No one asked me to justify the increase, but that’s partly because clients found value in working with me—and because I pre-framed it as being based on three things:

  1. Increased demand.
  2. New benefits within the existing services.
  3. The fact that the old price was 18 months old, and would be two years old when 2018 started.

Giving several months of advance notice helped, too—it wasn’t a surprise.

Speaking of surprises, I got a few surprise price increases as my increase unfolded. They reinforced some of my choices. Let’s look at how those did and didn’t work.

Empathy: Being on the Receiving End of Price Increases

During this process, I experienced several price increases as the buyer—which gave me extra empathy for what it felt like to hear a big increase as the person paying the bill.

Although I ultimately paid the increased amounts, one increase was framed well while two increases were framed poorly.

Bad Framing: 75% increase… on a month’s notice

A couple months after I announced my price increase for new clients, a key freelancer told me she was raising her rates 75%, starting a month later. That felt really abrupt.

I said “yes” because I needed her help, but it changed how I assigned work. I started shifting some work to a lower-rate person. More recently, it led to hiring an employee to handle things at a lower hourly rate.

I don’t resent the increase—her previous rate was an especially good deal for me. She was going from below-market to market rate. But she could have made it less sudden—which affirmed my plan to give my current clients five months’ notice, along with the pre-pay option to lock in the lower rates for even longer.

It all comes down to value, right?

Bad Framing: 60% increase… due to future increased costs

A key vendor told me she was raising her prices 60%. I knew I’d been getting a special deal, although she didn’t highlight that during the increase discussion.

She framed the increase in terms of her own needs, not mine—that she was doing a certification to provide increased value, and that it would cost her more.

Sorry, but your costs aren’t my problem—don’t include that in your rationale, unless you’ve had people at the same rate for years and your costs have indeed increased.

Good: 50% increase… with a pre-pay bonus

When another freelancer shared that she was raising rates 50% in 2018—but I could keep the old rate on any pre-paid hours—I immediately said “yes”… and then pre-paid even more in late December.

Remember, it’s not just the increase—your success depends on how you frame it.

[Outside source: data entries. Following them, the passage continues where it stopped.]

(* Let $L$ be a finite-dimensional Lie algebra over a field $F$. Then $L$ is supersolvable if and only if $\eta(L:M)=1$ for all maximal subalgebras $M$ of $L$.
   Context: $L$ is supersolvable if there is a chain $0=L_0\subset L_1\subset\cdots\subset L_n=L$ of ideals of $L$ with $\dim(L_{i}/L_{i-1})=1$ for all $i$. For a nonzero subalgebra $X$ of $L$, the strict core $k(X)$ is the sum of all ideals of $L$ that are proper subalgebras of $X$ (it is $0$ if there are none). For a maximal subalgebra $M$, a subalgebra $C$ is a completion of $M$ if $C\not\subseteq M$ but every proper subalgebra of $C$ that is an ideal of $L$ is contained in $M$; an ideal completion is a completion that is an ideal of $L$. The ideal index $\eta(L:M)$ is $\dim(C/k(C))$ for any ideal completion $C$ of $M$ (independent of the choice of $C$). *)

theory Defs
  imports Complex_Main
begin

text \<open>A Lie algebra over a field: the whole type 'b is the underlying vector space
  (scalar multiplication scale over the field 'a), with Lie bracket br.\<close>

definition lie_algebra :: "('a::field \<Rightarrow> 'b::ab_group_add \<Rightarrow> 'b) \<Rightarrow> ('b \<Rightarrow> 'b \<Rightarrow> 'b) \<Rightarrow> bool" where
  "lie_algebra scale br \<longleftrightarrow>
     vector_space scale \<and>
     (\<forall>x y z. br (x + y) z = br x z + br y z) \<and>
     (\<forall>x y z. br x (y + z) = br x y + br x z) \<and>
     (\<forall>a x y. br (scale a x) y = scale a (br x y)) \<and>
     (\<forall>a x y. br x (scale a y) = scale a (br x y)) \<and>
     (\<forall>x. br x x = 0) \<and>
     (\<forall>x y z. br x (br y z) + br y (br z x) + br z (br x y) = 0)"
(* Let $(F,v)$ be a valued field and $\varepsilon\in\Gamma$ with $0\le\varepsilon<v(2)$. Then $W_q(F)_\varepsilon$ is the subgroup of $W_q(F)$ generated by the Witt classes of the quadratic forms $[a,b]$ with $a,b\in F$ and $v(a)+v(b)\ge-2\varepsilon$. (Each such form is nonsingular.)
   Context: $F$ is a field with valuation $v\colon F\to\Gamma\cup\{\infty\}$, $\Gamma$ divisible totally ordered abelian group; $v(2)=\infty$ iff $\operatorname{char}F=2$. For $a,b\in F$, $[a,b]$ denotes the quadratic form on $F^2$ given by $(x_1,x_2)\mapsto ax_1^2+x_1x_2+bx_2^2$. $W_q(F)$ is the Witt group of nonsingular quadratic forms (polar form nondegenerate). A $v$-norm on a finite-dimensional $F$-space $V$ is $\alpha\colon V\to\Gamma\cup\{\infty\}$ with $\alpha(x)=\infty\iff x=0$, $\alpha(\lambda x)=v(\lambda)+\alpha(x)$, $\alpha(x+y)\ge\min(\alpha(x),\alpha(y))$, admitting a basis $(e_i)$ with $\alpha(\sum\lambda_ie_i)=\min\alpha(\lambda_ie_i)$. For $\varepsilon\ge0$, $\alpha$ is compatible of depth $\varepsilon$ with a quadratic form $q$ with polar form $b_q$ if (a) $v(b_q(x,y))\ge\alpha(x)+\alpha(y)+\varepsilon$; (b) $v(q(x))\ge2\alpha(x)$; (c) for every $x\neq0$ there is $y\neq0$ with $v(b_q(x,y))=\alpha(x)+\alpha(y)+\varepsilon$. $W_q(F)_\varepsilon$ is the set of Witt classes represented by a nonsingular quadratic space admitting a compatible $v$-norm of some depth $\gamma\le\varepsilon$ (this is a subgroup). *)

theory Defs
  imports Main
begin

text \<open>A valuation on the field 'a with values in the totally ordered
abelian group 'g is a map v :: 'a => 'g that is only meaningful on nonzero elements;
the value v 0 = infinity is encoded by always guarding with "x = 0".
Finite-dimensional quadratic spaces are represented in coordinates: a pair (n, Q)
where Q is a quadratic form on the coordinate space F^n, realised as the set of
functions nat => 'a vanishing outside {..<n}.\<close>

definition valuation :: "('a::field \<Rightarrow> 'g::linordered_ab_group_add) \<Rightarrow> bool" where
  "valuation v \<longleftrightarrow>
     (\<forall>x y. x \<noteq> 0 \<and> y \<noteq> 0 \<longrightarrow> v (x * y) = v x + v y) \<and>
     (\<forall>x y. x \<noteq> 0 \<and> y \<noteq> 0 \<and> x + y \<noteq> 0 \<longrightarrow> min (v x) (v y) \<le> v (x + y))"

definition divisible_group :: "'g::linordered_ab_group_add set \<Rightarrow> bool" where
  "divisible_group G \<longleftrightarrow> (\<forall>g\<in>G. \<forall>n::nat. n > 0 \<longrightarrow> (\<exists>h\<in>G. (\<Sum>i<n. h) = g))"

type_synonym 'a qspace = "nat \<times> ((nat \<Rightarrow> 'a) \<Rightarrow> 'a)"

definition vecs :: "nat \<Rightarrow> (nat \<Rightarrow> 'a::zero) set" where
  "vecs n = {x. \<forall>i\<ge>n. x i = 0}"

definition vadd :: "(nat \<Rightarrow> 'a::field) \<Rightarrow> (nat \<Rightarrow> 'a) \<Rightarrow> nat \<Rightarrow> 'a" where
  "vadd x y = (\<lambda>i. x i + y i)"

definition vscale :: "'a::field \<Rightarrow> (nat \<Rightarrow> 'a) \<Rightarrow> nat \<Rightarrow> 'a" where
  "vscale c x = (\<lambda>i. c * x i)"

definition polar :: "((nat \<Rightarrow> 'a::field) \<Rightarrow> 'a) \<Rightarrow> (nat \<Rightarrow> 'a) \<Rightarrow> (nat \<Rightarrow> 'a) \<Rightarrow> 'a" where
  "polar Q x y = Q (vadd x y) - Q x - Q y"

definition is_qform :: "'a::field qspace \<Rightarrow> bool" where
  "is_qform S \<longleftrightarrow> (case S of (n, Q) \<Rightarrow>
     (\<forall>x\<in>vecs n. \<forall>c. Q (vscale c x) = c^2 * Q x) \<and>
     (\<forall>x\<in>vecs n. \<forall>y\<in>vecs n. \<forall>z\<in>vecs n.
        polar Q (vadd x y) z = polar Q x z + polar Q y z) \<and>
     (\<forall>x\<in>vecs n. \<forall>y\<in>vecs n. \<forall>c. polar Q (vscale c x) y = c * polar Q x y))"

definition nonsingular :: "'a::field qspace \<Rightarrow> bool" where
  "nonsingular S \<longleftrightarrow> is_qform S \<and> (case S of (n, Q) \<Rightarrow>
     (\<forall>x\<in>vecs n. (\<forall>y\<in>vecs n. polar Q x y = 0) \<longrightarrow> x = (\<lambda>_. 0)))"

definition isometric :: "'a::field qspace \<Rightarrow> 'a qspace \<Rightarrow> bool" where
  "isometric S T \<longleftrightarrow> (case S of (n, Q) \<Rightarrow> case T of (m, R) \<Rightarrow>
     (\<exists>f. bij_betw f (vecs n) (vecs m) \<and>
          (\<forall>x\<in>vecs n. \<forall>y\<in>vecs n. f (vadd x y) = vadd (f x) (f y)) \<and>
          (\<forall>x\<in>vecs n. \<forall>c. f (vscale c x) = vscale c (f x)) \<and>
          (\<forall>x\<in>vecs n. R (f x) = Q x)))"
lemma power_law_of_geometric_decay:
  fixes l q r f M :: real
  assumes "0 < l" "l < 1" "1 \<le> q" "0 < r" "r \<le> 1" "0 \<le> M"
    and decay: "\<And>k. r \<le> l ^ k \<Longrightarrow> q ^ k * f \<le> M"
  shows "f \<le> q * r powr log (1 / l) q * M"
proof -
  define \<theta> where "\<theta> = log (1 / l) q"
  obtain n where "l ^ n < r"
    using real_arch_pow_inv[OF assms(4,2)] by blast
  then obtain k where "r \<le> l ^ k" "l ^ Suc k < r"
    using ex_least_nat_less[of "\<lambda>n. l ^ n < r" n] assms(5) by (auto simp: not_less)
  have "0 \<le> \<theta>"
    using assms(1-3) by (simp add: \<theta>_def)
  have "(1 / l) powr \<theta> = q"
    unfolding \<theta>_def using assms(1-3) by (intro powr_log_cancel) auto
  then have "l powr \<theta> = inverse q"
    by (auto simp: powr_divide field_simps)
  moreover have "(l ^ Suc k) powr \<theta> = (l powr \<theta>) ^ Suc k"
    using assms(1) by (simp only: powr_realpow[symmetric] powr_powr powr_power[of l] less_irrefl)
  ultimately have "inverse q ^ Suc k = (l ^ Suc k) powr \<theta>"
    by simp
  also have "\<dots> \<le> r powr \<theta>"
    using \<open>0 \<le> \<theta>\<close> \<open>l ^ Suc k < r\<close> assms(1) by (intro powr_mono2) auto
  finally have "1 \<le> q ^ k * (q * r powr \<theta>)"
    using assms(3) by (simp add: field_simps)
  have "q ^ k * f \<le> M"
    using \<open>r \<le> l ^ k\<close> by (rule decay)
  also have "\<dots> \<le> q ^ k * (q * r powr \<theta>) * M"
    using mult_right_mono[OF \<open>1 \<le> q ^ k * (q * r powr \<theta>)\<close> assms(6)] by simp
  finally have "q ^ k * f \<le> q ^ k * (q * r powr \<theta> * M)"
    by (simp only: mult.assoc)
  then show ?thesis
    using assms(3) by (simp add: \<theta>_def)
qed

lemma measure_thickening_Int_ball_power_law:
  fixes S :: "'a::euclidean_space set"
  assumes "porous \<alpha> T S" "S \<noteq> {}" "0 < \<alpha>" "\<alpha> \<le> 1"
    and "0 < r" "r \<le> 1" "0 < \<rho>" "\<rho> < 4 * T"
  defines "q \<equiv> 1 + (\<alpha> / 4) ^ DIM('a)"
  shows "measure lborel (thickening S (r * \<rho>) \<inter> ball z \<rho>)
           \<le> 3 ^ DIM('a) * q * r powr log (8 / \<alpha>) q * measure lborel (ball (0::'a) \<rho>)"
proof -
  have "measure lborel (thickening S (r * \<rho>) \<inter> ball z \<rho>)
          \<le> q * r powr log (1 / (\<alpha> / 8)) q * measure lborel (ball z (3 * \<rho>))"
  proof (rule power_law_of_geometric_decay)
    show "0 < \<alpha> / 8" "\<alpha> / 8 < 1" "1 \<le> q"
      using assms(3,4) by (simp_all add: q_def)
  next
    fix k assume "r \<le> (\<alpha> / 8) ^ k"
    then have "q ^ k * measure lborel (thickening S (r * \<rho>) \<inter> ball z \<rho>)
        \<le> q ^ k * measure lborel (thickening S ((\<alpha> / 8) ^ k * \<rho>) \<inter> ball z \<rho>)"
      using assms(3,7) by (intro mult_left_mono measure_thickening_Int_ball_mono) (simp_all add: q_def)
    also have "\<dots> \<le> measure lborel (thickening S \<rho> \<inter> ball z (\<rho> + 2 * \<rho>))"
      unfolding q_def by (rule measure_thickening_decay[OF assms(1-4,7,8)])
    also have "\<dots> \<le> measure lborel (ball z (3 * \<rho>))"
      by (intro measure_mono_fmeasurable fmeasurableD[OF fmeasurable_thickening_Int_ball])
        (auto intro: fmeasurable_lborel_ball)
    finally show "q ^ k * measure lborel (thickening S (r * \<rho>) \<inter> ball z \<rho>)
        \<le> measure lborel (ball z (3 * \<rho>))" .
  qed (use assms(5,6) in auto)
  also have "measure lborel (ball z (3 * \<rho>)) = 3 ^ DIM('a) * measure lborel (ball (0::'a) \<rho>)"
    using content_ball_mult[of 3 \<rho> z] assms(7) by simp
  finally show ?thesis
    by (simp add: mult_ac)
qed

And of course, that clients see you as delivering high-value work.

If clients see you as interchangeable, you’ll struggle to raise prices.

Roundup: How to raise prices for your current clients

Ready to raise prices for current clients? Answer these questions before you proceed.

  1. Do our clients see us irreplaceable? If not, fix that first.
  2. Are current clients happy working with us? If not, fix that first.
  3. Do we have a strong sales pipeline? If not, fix that first.
  4. Can we afford a 3-6 month transition period on the increase? If not, you’re going to lose a lot of clients who feel like you burned them.
  5. Do you have reasonable talking points to explain the increase? Create those first.
  6. Do you have someone objective to confirm whether the increase makes sense? Once you start the increase, you don’t want to stop; it will make clients question your credibility.
  7. Can we offer a bonus for clients who pre-pay or otherwise extend their commitment? Can you handle a medium-term drop in revenue in exchange for the short-term increase now?

Be sure to work out your plan, get objective feedback, and prepare for the client and financial implications if things go worse—or better—than you planned.

Question: What are you wondering about before you raise your prices?